# Input material

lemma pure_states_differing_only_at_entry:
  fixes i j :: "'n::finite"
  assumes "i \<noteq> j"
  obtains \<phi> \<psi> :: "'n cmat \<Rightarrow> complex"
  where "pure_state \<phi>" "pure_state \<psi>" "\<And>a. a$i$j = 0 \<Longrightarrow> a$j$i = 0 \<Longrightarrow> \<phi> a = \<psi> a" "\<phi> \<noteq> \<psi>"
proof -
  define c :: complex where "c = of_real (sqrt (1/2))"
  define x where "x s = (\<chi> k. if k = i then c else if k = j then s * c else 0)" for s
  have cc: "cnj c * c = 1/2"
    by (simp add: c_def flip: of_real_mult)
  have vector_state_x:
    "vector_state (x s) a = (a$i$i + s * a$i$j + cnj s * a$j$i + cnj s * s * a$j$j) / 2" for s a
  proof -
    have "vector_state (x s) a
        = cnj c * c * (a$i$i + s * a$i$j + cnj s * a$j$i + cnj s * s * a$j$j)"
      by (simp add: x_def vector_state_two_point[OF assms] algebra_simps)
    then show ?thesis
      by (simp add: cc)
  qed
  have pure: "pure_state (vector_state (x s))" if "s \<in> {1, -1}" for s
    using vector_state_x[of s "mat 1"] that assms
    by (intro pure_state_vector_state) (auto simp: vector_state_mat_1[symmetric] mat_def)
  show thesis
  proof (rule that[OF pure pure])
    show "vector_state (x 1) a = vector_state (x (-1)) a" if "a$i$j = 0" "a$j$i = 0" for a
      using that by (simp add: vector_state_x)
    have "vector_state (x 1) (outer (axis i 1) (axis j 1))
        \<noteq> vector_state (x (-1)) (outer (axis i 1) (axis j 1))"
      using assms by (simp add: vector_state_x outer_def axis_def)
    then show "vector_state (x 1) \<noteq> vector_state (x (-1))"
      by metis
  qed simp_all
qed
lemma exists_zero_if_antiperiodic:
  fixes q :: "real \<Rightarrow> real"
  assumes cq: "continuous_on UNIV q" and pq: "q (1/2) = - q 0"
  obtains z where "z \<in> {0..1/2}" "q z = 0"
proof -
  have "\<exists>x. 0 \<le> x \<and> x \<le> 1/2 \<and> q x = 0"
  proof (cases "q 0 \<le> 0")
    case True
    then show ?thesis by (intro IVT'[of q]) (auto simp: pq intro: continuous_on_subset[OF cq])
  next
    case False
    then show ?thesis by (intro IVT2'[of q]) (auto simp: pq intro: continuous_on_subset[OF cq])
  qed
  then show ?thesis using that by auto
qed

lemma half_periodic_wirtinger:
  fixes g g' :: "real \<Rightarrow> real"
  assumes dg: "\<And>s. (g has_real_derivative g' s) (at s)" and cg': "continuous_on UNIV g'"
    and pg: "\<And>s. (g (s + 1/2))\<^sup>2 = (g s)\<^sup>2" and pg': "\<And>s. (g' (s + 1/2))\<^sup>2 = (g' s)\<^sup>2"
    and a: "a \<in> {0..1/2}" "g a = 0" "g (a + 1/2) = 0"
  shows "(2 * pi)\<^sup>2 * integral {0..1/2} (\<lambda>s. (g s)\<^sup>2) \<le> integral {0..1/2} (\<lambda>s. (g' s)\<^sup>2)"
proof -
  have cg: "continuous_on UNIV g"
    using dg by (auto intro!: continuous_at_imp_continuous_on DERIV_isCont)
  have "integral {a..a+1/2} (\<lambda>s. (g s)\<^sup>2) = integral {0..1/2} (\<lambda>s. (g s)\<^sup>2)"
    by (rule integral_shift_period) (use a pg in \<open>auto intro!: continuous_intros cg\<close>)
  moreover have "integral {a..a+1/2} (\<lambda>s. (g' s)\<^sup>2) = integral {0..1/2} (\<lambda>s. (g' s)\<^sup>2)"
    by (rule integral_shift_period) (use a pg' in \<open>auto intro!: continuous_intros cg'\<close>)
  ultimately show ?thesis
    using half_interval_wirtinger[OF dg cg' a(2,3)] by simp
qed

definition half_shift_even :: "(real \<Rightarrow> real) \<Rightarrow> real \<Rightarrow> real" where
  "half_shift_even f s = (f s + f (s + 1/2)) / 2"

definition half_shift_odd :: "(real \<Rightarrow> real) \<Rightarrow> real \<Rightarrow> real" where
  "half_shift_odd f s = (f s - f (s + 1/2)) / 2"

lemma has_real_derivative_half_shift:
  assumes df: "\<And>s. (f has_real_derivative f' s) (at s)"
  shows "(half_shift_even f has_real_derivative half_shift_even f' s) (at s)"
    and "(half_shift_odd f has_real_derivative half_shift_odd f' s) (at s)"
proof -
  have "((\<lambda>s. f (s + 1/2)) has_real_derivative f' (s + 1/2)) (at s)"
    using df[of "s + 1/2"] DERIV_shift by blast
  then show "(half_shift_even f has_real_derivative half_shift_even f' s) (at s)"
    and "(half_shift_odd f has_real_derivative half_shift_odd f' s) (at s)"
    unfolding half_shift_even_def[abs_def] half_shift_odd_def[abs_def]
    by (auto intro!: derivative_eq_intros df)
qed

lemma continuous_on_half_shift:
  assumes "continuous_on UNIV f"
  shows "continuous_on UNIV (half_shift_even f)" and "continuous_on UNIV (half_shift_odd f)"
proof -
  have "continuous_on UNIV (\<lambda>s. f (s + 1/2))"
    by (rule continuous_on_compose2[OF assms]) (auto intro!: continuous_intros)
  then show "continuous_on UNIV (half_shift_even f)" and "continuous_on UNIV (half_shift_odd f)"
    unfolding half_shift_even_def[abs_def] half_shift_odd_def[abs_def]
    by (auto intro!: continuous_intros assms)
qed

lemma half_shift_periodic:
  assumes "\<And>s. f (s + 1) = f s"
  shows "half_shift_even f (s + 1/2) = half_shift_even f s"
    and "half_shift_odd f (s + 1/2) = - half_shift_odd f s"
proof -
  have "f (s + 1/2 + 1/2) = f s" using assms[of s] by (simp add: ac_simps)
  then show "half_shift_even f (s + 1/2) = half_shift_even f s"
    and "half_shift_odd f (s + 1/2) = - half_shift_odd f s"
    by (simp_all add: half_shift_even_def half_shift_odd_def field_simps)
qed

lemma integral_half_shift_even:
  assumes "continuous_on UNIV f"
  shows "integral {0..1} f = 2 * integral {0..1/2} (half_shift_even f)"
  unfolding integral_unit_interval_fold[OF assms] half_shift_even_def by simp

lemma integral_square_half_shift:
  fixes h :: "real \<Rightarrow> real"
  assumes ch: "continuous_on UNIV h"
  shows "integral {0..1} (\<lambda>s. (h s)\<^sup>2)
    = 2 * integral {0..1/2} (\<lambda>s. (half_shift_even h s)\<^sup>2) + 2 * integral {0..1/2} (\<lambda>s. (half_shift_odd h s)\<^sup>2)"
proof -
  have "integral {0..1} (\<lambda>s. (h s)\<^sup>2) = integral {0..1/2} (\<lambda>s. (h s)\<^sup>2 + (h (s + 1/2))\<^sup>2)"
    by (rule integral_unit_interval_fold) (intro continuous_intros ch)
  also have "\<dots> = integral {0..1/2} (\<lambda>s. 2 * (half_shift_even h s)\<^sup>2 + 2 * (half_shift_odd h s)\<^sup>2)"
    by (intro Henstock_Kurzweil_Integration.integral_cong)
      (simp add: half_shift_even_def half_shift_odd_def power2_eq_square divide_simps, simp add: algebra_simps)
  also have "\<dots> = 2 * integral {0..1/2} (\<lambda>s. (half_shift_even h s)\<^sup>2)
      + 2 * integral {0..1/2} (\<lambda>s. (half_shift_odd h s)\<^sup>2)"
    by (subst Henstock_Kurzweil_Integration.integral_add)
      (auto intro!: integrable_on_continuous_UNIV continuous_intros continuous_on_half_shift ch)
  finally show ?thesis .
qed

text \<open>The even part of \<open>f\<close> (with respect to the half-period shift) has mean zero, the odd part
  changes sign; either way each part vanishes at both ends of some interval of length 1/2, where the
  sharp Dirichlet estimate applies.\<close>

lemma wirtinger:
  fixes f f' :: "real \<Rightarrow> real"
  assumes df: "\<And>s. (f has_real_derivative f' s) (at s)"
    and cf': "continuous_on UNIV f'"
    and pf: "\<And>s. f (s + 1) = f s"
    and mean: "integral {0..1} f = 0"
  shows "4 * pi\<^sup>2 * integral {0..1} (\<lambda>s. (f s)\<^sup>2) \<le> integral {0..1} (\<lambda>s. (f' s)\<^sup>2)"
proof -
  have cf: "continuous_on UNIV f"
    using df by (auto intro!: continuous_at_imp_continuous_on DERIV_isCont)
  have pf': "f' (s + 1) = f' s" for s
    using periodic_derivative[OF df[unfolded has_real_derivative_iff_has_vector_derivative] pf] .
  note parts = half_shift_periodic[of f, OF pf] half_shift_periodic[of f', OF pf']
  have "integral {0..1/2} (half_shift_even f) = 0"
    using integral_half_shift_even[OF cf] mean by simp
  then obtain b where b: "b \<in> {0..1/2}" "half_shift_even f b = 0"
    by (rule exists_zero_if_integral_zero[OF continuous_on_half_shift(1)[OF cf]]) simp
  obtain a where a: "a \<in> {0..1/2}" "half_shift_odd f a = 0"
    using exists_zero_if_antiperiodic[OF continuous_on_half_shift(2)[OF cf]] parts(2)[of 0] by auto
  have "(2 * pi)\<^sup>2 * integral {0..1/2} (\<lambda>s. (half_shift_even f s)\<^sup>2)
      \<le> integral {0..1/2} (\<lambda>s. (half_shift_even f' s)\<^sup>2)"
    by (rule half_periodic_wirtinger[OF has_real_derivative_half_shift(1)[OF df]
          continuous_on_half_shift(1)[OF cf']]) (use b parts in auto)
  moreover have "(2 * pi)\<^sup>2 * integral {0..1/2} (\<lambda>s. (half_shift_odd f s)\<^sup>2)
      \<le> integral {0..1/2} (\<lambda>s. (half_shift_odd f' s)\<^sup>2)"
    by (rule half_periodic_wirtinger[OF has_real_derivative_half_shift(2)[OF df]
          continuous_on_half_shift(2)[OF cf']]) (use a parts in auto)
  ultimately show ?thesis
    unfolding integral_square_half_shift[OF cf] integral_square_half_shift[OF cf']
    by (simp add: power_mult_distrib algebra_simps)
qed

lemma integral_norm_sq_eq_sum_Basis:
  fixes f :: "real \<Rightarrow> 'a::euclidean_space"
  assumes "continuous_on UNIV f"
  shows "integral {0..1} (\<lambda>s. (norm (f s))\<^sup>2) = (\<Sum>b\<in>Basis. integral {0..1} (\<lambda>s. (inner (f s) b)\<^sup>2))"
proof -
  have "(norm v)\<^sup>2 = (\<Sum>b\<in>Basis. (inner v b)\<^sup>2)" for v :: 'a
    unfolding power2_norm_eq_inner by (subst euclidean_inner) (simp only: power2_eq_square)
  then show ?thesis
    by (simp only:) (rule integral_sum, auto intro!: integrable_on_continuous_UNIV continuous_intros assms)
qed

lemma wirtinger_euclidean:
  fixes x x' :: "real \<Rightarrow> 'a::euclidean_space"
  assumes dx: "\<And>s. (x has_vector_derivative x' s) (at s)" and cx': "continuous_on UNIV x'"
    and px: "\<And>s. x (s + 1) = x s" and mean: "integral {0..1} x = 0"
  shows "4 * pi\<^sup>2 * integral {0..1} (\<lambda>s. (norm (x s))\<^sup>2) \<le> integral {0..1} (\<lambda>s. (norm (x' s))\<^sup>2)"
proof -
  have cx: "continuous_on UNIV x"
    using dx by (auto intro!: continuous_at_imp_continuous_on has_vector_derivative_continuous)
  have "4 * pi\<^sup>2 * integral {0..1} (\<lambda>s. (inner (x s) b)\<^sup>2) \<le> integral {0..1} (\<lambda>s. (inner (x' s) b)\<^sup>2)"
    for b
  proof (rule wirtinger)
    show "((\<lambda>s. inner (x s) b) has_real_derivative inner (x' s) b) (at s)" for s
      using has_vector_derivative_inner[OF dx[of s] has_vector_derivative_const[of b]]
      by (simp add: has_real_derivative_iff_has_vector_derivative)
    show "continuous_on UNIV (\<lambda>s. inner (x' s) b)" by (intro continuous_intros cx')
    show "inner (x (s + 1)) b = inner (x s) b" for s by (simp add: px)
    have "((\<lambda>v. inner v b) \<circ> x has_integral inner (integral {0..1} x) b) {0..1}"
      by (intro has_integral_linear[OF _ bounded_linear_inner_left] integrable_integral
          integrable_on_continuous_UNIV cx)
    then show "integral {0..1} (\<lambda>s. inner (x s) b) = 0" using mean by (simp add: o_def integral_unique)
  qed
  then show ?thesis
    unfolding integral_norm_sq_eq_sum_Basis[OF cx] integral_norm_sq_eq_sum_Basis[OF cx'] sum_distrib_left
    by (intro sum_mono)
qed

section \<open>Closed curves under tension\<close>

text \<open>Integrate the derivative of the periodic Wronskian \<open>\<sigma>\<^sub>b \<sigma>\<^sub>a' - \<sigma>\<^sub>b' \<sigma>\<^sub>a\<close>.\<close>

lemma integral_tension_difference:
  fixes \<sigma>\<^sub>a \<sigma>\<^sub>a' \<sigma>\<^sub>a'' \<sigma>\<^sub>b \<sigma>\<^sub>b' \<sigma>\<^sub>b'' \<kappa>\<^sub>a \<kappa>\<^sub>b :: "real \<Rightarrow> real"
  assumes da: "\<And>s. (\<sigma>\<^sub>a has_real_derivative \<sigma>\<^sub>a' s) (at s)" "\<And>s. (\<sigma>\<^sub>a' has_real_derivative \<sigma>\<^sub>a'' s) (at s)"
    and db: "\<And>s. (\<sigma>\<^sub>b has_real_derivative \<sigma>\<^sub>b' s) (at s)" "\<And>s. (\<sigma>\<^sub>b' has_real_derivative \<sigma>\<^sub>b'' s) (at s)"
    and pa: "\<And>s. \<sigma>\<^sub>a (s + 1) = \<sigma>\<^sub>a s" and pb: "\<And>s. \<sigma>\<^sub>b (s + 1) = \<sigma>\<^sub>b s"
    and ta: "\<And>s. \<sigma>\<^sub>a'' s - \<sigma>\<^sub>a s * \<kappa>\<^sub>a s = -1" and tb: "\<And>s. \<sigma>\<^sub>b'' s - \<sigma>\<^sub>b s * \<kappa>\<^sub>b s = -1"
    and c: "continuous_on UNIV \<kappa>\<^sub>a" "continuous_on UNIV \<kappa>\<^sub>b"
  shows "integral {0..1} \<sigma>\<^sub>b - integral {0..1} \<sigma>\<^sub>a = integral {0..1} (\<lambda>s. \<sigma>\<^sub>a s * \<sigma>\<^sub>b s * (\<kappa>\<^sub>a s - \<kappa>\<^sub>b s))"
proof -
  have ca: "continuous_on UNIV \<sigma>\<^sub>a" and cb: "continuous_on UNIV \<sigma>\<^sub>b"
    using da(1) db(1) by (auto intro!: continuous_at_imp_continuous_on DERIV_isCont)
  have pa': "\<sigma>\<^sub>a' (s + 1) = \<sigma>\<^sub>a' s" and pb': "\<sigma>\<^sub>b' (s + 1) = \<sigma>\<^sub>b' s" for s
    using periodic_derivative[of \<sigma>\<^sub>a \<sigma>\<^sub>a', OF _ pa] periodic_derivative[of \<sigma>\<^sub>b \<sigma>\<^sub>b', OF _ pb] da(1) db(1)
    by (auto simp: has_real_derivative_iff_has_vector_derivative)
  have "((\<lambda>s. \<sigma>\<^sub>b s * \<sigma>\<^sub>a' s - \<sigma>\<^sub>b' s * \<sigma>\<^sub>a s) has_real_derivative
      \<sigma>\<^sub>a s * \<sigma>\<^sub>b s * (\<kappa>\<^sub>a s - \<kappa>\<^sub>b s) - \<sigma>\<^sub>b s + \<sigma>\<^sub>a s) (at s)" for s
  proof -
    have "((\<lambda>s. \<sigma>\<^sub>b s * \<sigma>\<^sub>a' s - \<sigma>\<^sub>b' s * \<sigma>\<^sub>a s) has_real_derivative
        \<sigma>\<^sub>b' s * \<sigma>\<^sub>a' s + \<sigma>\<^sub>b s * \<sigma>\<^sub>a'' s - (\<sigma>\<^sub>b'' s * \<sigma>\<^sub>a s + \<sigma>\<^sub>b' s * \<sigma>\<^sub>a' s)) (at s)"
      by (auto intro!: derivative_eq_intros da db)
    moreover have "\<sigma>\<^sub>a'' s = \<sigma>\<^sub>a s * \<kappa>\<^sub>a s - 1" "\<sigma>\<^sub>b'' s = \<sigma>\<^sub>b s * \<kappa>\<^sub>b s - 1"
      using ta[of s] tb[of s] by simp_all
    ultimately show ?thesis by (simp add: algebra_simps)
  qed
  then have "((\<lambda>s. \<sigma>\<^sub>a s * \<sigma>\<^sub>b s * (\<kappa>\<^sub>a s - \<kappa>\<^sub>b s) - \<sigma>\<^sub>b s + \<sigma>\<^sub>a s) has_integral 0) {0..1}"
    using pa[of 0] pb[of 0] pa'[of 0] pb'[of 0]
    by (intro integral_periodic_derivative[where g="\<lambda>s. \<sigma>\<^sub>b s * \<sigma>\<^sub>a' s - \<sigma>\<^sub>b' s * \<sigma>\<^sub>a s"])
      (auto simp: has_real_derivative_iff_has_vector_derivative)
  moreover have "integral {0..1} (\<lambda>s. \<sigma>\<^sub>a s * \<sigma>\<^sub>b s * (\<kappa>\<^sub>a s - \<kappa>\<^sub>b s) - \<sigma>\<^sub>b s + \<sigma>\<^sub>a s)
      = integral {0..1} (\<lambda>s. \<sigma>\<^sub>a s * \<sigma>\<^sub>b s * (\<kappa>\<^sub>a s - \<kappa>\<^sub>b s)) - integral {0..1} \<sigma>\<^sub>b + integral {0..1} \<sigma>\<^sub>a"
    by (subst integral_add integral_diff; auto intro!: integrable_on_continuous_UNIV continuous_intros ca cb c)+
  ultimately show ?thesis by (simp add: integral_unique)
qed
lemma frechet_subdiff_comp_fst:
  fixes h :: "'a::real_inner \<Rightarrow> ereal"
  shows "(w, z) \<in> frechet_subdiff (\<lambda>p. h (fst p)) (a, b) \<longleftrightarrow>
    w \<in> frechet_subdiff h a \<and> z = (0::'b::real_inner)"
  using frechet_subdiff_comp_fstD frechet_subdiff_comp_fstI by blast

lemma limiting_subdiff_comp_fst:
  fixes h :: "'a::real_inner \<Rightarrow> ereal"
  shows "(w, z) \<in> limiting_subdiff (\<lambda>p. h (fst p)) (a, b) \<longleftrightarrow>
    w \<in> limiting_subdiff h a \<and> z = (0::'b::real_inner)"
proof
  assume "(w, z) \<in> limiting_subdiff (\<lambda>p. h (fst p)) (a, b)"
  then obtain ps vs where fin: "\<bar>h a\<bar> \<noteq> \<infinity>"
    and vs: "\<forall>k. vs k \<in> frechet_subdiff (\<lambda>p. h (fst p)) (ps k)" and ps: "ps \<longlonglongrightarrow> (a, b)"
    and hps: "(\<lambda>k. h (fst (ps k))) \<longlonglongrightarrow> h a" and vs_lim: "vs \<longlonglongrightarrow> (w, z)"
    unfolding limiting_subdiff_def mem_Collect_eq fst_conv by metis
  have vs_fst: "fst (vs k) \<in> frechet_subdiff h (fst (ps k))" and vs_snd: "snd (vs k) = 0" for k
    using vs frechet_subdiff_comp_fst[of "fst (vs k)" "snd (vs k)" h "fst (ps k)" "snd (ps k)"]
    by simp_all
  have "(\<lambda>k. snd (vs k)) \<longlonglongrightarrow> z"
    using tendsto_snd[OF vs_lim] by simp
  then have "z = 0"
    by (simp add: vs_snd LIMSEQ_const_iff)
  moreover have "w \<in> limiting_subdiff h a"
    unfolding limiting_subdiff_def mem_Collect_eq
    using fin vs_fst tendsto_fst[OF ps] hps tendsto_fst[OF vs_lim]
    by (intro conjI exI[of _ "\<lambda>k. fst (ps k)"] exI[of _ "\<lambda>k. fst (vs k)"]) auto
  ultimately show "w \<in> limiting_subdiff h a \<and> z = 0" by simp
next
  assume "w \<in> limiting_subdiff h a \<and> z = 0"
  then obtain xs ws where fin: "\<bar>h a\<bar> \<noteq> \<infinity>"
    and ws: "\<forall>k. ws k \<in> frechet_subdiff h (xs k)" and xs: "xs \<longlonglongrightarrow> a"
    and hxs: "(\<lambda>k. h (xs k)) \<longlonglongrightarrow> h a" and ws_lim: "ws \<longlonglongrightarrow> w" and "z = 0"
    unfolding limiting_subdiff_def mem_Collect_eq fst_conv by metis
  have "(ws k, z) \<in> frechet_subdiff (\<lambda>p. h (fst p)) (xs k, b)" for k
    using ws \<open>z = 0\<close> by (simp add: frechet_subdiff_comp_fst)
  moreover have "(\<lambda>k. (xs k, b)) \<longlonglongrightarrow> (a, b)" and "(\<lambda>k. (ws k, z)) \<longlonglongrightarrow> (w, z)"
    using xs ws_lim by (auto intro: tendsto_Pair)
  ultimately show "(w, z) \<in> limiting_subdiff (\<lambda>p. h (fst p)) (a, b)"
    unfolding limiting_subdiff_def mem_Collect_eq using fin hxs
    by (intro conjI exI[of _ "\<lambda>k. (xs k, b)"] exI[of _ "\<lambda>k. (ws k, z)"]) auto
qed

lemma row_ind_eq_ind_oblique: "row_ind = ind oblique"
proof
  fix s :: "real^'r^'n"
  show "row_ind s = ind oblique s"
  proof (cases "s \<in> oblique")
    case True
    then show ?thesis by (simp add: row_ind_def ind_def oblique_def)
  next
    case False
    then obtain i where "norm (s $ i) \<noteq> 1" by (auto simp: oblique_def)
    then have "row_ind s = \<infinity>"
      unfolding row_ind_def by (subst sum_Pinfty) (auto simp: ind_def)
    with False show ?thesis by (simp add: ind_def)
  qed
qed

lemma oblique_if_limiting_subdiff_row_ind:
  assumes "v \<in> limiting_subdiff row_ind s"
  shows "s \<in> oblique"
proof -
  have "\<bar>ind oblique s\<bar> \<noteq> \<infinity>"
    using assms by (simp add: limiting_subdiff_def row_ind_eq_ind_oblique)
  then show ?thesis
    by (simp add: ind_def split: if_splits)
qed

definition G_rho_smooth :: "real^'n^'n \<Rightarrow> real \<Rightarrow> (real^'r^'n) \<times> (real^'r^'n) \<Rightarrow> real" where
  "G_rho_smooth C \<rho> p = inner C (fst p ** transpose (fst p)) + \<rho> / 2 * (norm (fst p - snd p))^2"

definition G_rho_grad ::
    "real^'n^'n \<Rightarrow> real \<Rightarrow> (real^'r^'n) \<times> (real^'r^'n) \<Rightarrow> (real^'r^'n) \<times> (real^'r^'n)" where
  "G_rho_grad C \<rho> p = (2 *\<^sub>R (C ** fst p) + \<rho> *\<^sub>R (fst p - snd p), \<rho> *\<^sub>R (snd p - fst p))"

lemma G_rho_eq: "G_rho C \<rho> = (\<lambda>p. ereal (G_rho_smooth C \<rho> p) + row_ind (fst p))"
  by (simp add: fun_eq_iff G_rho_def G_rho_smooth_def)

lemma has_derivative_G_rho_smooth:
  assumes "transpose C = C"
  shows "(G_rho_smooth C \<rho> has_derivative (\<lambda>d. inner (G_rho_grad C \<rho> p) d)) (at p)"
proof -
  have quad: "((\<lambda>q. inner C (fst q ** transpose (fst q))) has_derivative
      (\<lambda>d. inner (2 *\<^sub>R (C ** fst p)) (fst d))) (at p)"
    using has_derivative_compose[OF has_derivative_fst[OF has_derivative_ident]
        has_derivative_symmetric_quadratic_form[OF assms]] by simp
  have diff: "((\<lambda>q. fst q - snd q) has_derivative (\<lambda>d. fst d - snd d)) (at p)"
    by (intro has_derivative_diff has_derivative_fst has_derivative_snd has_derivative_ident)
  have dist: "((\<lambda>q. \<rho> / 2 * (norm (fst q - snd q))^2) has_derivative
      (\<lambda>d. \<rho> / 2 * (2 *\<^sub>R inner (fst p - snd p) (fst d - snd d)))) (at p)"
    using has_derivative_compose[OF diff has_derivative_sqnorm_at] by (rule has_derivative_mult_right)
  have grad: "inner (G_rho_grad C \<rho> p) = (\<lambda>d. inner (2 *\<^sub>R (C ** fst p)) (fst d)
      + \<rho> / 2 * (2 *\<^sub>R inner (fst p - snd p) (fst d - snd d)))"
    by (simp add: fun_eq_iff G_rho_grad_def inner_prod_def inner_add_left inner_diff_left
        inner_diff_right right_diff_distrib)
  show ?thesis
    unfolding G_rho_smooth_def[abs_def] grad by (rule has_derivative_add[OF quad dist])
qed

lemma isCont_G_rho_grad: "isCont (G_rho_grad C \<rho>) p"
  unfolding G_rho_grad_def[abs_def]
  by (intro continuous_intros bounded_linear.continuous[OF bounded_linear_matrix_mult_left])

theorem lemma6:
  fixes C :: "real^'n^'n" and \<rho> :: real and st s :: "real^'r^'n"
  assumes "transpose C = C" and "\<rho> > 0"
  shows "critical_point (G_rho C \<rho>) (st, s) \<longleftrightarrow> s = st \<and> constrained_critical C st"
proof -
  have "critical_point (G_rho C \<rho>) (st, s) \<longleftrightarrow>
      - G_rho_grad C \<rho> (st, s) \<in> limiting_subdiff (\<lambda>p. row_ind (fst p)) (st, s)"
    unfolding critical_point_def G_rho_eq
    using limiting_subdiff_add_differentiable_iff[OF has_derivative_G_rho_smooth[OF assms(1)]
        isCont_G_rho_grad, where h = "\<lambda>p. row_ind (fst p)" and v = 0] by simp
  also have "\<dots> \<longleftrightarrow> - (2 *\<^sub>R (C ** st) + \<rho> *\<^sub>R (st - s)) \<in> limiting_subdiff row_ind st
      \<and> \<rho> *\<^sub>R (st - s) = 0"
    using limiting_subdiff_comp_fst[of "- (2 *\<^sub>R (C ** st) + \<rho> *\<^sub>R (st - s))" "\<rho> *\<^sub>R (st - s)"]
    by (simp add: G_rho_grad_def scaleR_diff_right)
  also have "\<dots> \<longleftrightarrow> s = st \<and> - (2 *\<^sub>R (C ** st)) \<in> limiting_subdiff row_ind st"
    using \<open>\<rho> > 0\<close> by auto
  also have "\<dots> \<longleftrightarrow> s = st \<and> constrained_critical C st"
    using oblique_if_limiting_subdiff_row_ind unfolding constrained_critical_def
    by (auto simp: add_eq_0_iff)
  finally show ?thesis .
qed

# Exercise goal
Exactly and only the lines from the line containing "isCont_G_rho_grad, where h" through the final line of the records above must be returned.

# Result
        isCont_G_rho_grad, where h = "\<lambda>p. row_ind (fst p)" and v = 0] by simp
  also have "\<dots> \<longleftrightarrow> - (2 *\<^sub>R (C ** st) + \<rho> *\<^sub>R (st - s)) \<in> limiting_subdiff row_ind st
      \<and> \<rho> *\<^sub>R (st - s) = 0"
    using limiting_subdiff_comp_fst[of "- (2 *\<^sub>R (C ** st) + \<rho> *\<^sub>R (st - s))" "\<rho> *\<^sub>R (st - s)"]
    by (simp add: G_rho_grad_def scaleR_diff_right)
  also have "\<dots> \<longleftrightarrow> s = st \<and> - (2 *\<^sub>R (C ** st)) \<in> limiting_subdiff row_ind st"
    using \<open>\<rho> > 0\<close> by auto
  also have "\<dots> \<longleftrightarrow> s = st \<and> constrained_critical C st"
    using oblique_if_limiting_subdiff_row_ind unfolding constrained_critical_def
    by (auto simp: add_eq_0_iff)
  finally show ?thesis .
qed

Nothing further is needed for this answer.